Wabash River Unit 6 had a one-year MATS rule extension until April 15, 2016, after which time the unit suspended operation. Duke Energy Indiana has been evaluating the potential to convert Wabash River 6 from coal to natural gas. Swez added: “The Company has decided not to pursue this, and on June 7, 2016, Duke Energy Indiana submitted an Attachment Y notification to MISO requesting a decommissioning and retirement date of December 7, 2016 for Wabash River 6 (318 MW) as well as the Wabash River 7 (8 MW) diesel units. MISO is studying the decommissioning request and has not provided the conclusion to date.”
During March 2016, the Edwardsport IGCC station produced the 5th most generation in any month since being declared commercial. During periods of April and May 2016, the station underwent its spring maintenance outage. During June, the station rebounded with the 4th most generation in any month. When the unit’s gasifiers are available or operating, Edwardsport is being offered with a commitment status of must-run with the unit’s parameters outlined for MISO, as is typically the case with other Duke Energy Indiana large coal generating units.
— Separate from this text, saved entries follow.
lemma xi_eq_singleton_if_ray:
  assumes sc: "strictly_convex_norm \<phi>" and "x \<notin> K" "a \<in> xi \<phi> K x" "s > 1"
    and eq: "delta \<phi> K (a + s *\<^sub>R (x - a)) = s * delta \<phi> K x"
  shows "xi \<phi> K x = {a}"
proof -
  have N: "is_norm \<phi>" using sc by (rule strictly_convex_norm_is_norm)
  define d where "d = delta \<phi> K x"
  have "d > 0" unfolding d_def by (rule delta_pos_if_xi[OF N assms(3,2)])
  define z where "z = a + s *\<^sub>R (x - a)"
  have zx: "z - x = (s - 1) *\<^sub>R (x - a)" unfolding z_def by (simp add: algebra_simps)
  have \<phi>zx: "\<phi> (z - x) = (s - 1) * d"
    unfolding zx d_def using is_norm_scaleR[OF N] xiD(2)[OF assms(3)] \<open>s > 1\<close> by simp
  have "b = a" if b: "b \<in> xi \<phi> K x" for b
  proof -
    have \<phi>xb: "\<phi> (x - b) = d" using xiD(2)[OF b] unfolding d_def .
    have "s * d \<le> \<phi> (b - z)"
      using eq delta_le[OF N xiD(1)[OF b], of z] unfolding z_def d_def by simp
    also have "\<dots> = \<phi> ((z - x) + (x - b))" using is_norm_minus_commute[OF N, of b z] by simp
    finally have "s * d \<le> \<phi> ((z - x) + (x - b))" .
    moreover have "\<phi> ((z - x) + (x - b)) \<le> \<phi> (z - x) + \<phi> (x - b)" by (rule is_norm_triangle[OF N])
    moreover have "\<phi> (z - x) + \<phi> (x - b) = s * d" unfolding \<phi>zx \<phi>xb by (simp add: algebra_simps)
    ultimately have "\<phi> ((z - x) + (x - b)) = \<phi> (z - x) + \<phi> (x - b)" by linarith
    then have "\<phi> (x - b) *\<^sub>R (z - x) = \<phi> (z - x) *\<^sub>R (x - b)"
      using sc unfolding strictly_convex_norm_def by blast
    then have "d *\<^sub>R (z - x) = ((s - 1) * d) *\<^sub>R (x - b)" by (simp only: \<phi>zx \<phi>xb)
    then have "(d * (s - 1)) *\<^sub>R (x - a) = (d * (s - 1)) *\<^sub>R (x - b)"
      unfolding zx by (simp add: mult.commute)
    moreover have "d * (s - 1) \<noteq> 0" using \<open>d > 0\<close> \<open>s > 1\<close> by simp
    ultimately show "b = a" by simp
  qed
  then show ?thesis using assms(3) by blast
qed

lemma ereal_le_rho_iff:
  "ereal \<sigma> \<le> rho \<phi> K y \<longleftrightarrow>
     (\<forall>r<\<sigma>. \<exists>a\<in>xi \<phi> K y. \<exists>s>r. delta \<phi> K (a + s *\<^sub>R (y - a)) = s * delta \<phi> K y)"
proof -
  let ?S = "{s. \<exists>a\<in>xi \<phi> K y. delta \<phi> K (a + s *\<^sub>R (y - a)) = s * delta \<phi> K y}"
  have "ereal \<sigma> \<le> rho \<phi> K y \<longleftrightarrow> (\<forall>w<ereal \<sigma>. \<exists>s\<in>?S. w < ereal s)"
    unfolding rho_def le_Sup_iff by blast
  also have "\<dots> \<longleftrightarrow> (\<forall>r<\<sigma>. \<exists>s\<in>?S. r < s)"
  proof (intro iffI allI impI)
    fix r assume "\<forall>w<ereal \<sigma>. \<exists>s\<in>?S. w < ereal s" "r < \<sigma>"
    then obtain s where "s \<in> ?S" "ereal r < ereal s" by (meson less_ereal.simps(1))
    then show "\<exists>s\<in>?S. r < s" by auto
  next
    fix w assume H: "\<forall>r<\<sigma>. \<exists>s\<in>?S. r < s" and "w < ereal \<sigma>"
    then obtain r where "w < ereal r" "r < \<sigma>" using ereal_dense2 by force
    then show "\<exists>s\<in>?S. w < ereal s" using H by (meson less_ereal.simps(1) less_trans)
  qed
  finally show ?thesis by blast
qed

lemma xi_ray_point:
  assumes N: "is_norm \<phi>" and a: "a \<in> xi \<phi> K y"
    and eq: "delta \<phi> K (a + s *\<^sub>R (y - a)) = s * delta \<phi> K y" and "0 \<le> t" "t \<le> s"
  shows "a \<in> xi \<phi> K (a + t *\<^sub>R (y - a))"
proof -
  have "\<phi> (a + t *\<^sub>R (y - a) - a) = t * delta \<phi> K y"
    using is_norm_scaleR[OF N] xiD(2)[OF a] \<open>0 \<le> t\<close> by simp
  also have "\<dots> = delta \<phi> K (a + t *\<^sub>R (y - a))"
    using delta_ray_eq_downward[OF N a eq \<open>0 \<le> t\<close> \<open>t \<le> s\<close>] by simp
  finally show ?thesis using xiD(1)[OF a] unfolding xi_def by simp
qed

lemma delta_ray_rescale:
  assumes "delta \<phi> K (a + t *\<^sub>R (y - a)) = t * delta \<phi> K y"
  shows "delta \<phi> K (a + u *\<^sub>R (a + t *\<^sub>R (y - a) - a)) = u * delta \<phi> K (a + t *\<^sub>R (y - a))
    \<longleftrightarrow> delta \<phi> K (a + (u * t) *\<^sub>R (y - a)) = (u * t) * delta \<phi> K y"
  using assms by (simp add: ac_simps)

lemma ereal_le_rho_ray_point:
  assumes rho: "ereal \<sigma> \<le> rho \<phi> K y" and "xi \<phi> K y = {a}" and "a \<in> xi \<phi> K (a + t *\<^sub>R (y - a))"
    and dz: "delta \<phi> K (a + t *\<^sub>R (y - a)) = t * delta \<phi> K y" and "0 < t"
  shows "ereal (\<sigma> / t) \<le> rho \<phi> K (a + t *\<^sub>R (y - a))"
  unfolding ereal_le_rho_iff
proof (intro allI impI)
  fix r assume "r < \<sigma> / t"
  then have "r * t < \<sigma>" using \<open>0 < t\<close> by (simp add: field_simps)
  then obtain a' s where "a' \<in> xi \<phi> K y" and "s > r * t"
    and "delta \<phi> K (a' + s *\<^sub>R (y - a')) = s * delta \<phi> K y"
    using rho unfolding ereal_le_rho_iff by blast
  moreover from this have "a' = a" using \<open>xi \<phi> K y = {a}\<close> by simp
  ultimately have "r < s / t"
    and "delta \<phi> K (a + (s / t) *\<^sub>R (a + t *\<^sub>R (y - a) - a)) = s / t * delta \<phi> K (a + t *\<^sub>R (y - a))"
    using delta_ray_rescale[OF dz, of "s / t"] \<open>0 < t\<close> by (simp_all add: field_simps)
  then show "\<exists>b\<in>xi \<phi> K (a + t *\<^sub>R (y - a)). \<exists>s>r.
      delta \<phi> K (b + s *\<^sub>R (a + t *\<^sub>R (y - a) - b)) = s * delta \<phi> K (a + t *\<^sub>R (y - a))"
    using \<open>a \<in> xi \<phi> K (a + t *\<^sub>R (y - a))\<close> by blast
qed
In addition, during times when syngas is not available and the station is available on natural gas operation, the unit will typically be offered to MISO with a commitment status of economic and can be committed and dispatched at MISO’s discretion.
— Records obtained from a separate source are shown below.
lemma kernel_integral_left:
  assumes u: "u \<ge> 0"
  shows "(\<integral>\<^sup>+t. ennreal (exp (- \<bar>u - t\<bar>) * bessel_kernel n t) * indicator {..0} t \<partial>lborel)
       = ennreal (exp (- u) * rbessel (Suc n) 0 / (2 * (real n + 1)))"
proof -
  have "(\<integral>\<^sup>+t. ennreal (exp (- \<bar>u - t\<bar>) * bessel_kernel n t) * indicator {..0} t \<partial>lborel)
      = (\<integral>\<^sup>+t. ennreal (exp (- \<bar>u + t\<bar>) * bessel_kernel n t) * indicator {0..} t \<partial>lborel)"
    by (subst nn_integral_lborel_reflect) (auto simp: bessel_kernel_even indicator_def)
  also have "\<dots> = (\<integral>\<^sup>+t. ennreal (exp (- u) * (exp (-2 * t) * rbessel n t)) * indicator {0..} t \<partial>lborel)"
  proof -
    have "exp (- u - t) * exp (- t) = exp (- u) * exp (-2 * t)" for t by (simp add: mult_exp_exp)
    then show ?thesis
      using u by (intro nn_integral_cong) (auto simp: bessel_kernel_def mult.assoc[symmetric] split: split_indicator)
  qed
  also have "\<dots> = ennreal (exp (- u) * rbessel (Suc n) 0 / (2 * (real n + 1)))"
    by (subst tail_integral) auto
  finally show ?thesis .
qed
Prior to March 1, 2016, the coal-fired Gibson Unit 5, although owned 50.05% by Duke Energy Indiana, 25% by Wabash Valley Power Association (WVPA) and 24.95% by Indiana Municipal Power Agency (IMPA), was offered to MISO by Duke Energy Indiana as a whole (100%) unit. Thus, the company offered the entire unit to MISO, and MISO settled the charges and credits as if Duke Energy Indiana owned 100% of the unit. Outside of the MISO market, the Company then sent the WVPA and IMPA share of the energy and related charges and credits, through various billing mechanisms and market instruments, to each co-owner. At WVPA’s request, on March 1, 2016, the WVPA share of Gibson 5 was successfully pseudo-tied to PJM Interconnection. Thus, the WVPA share of Gibson 5 became part of the PJM market on this date. The remaining Duke Energy Indiana and IMPA shares of Gibson 5 remain in MISO.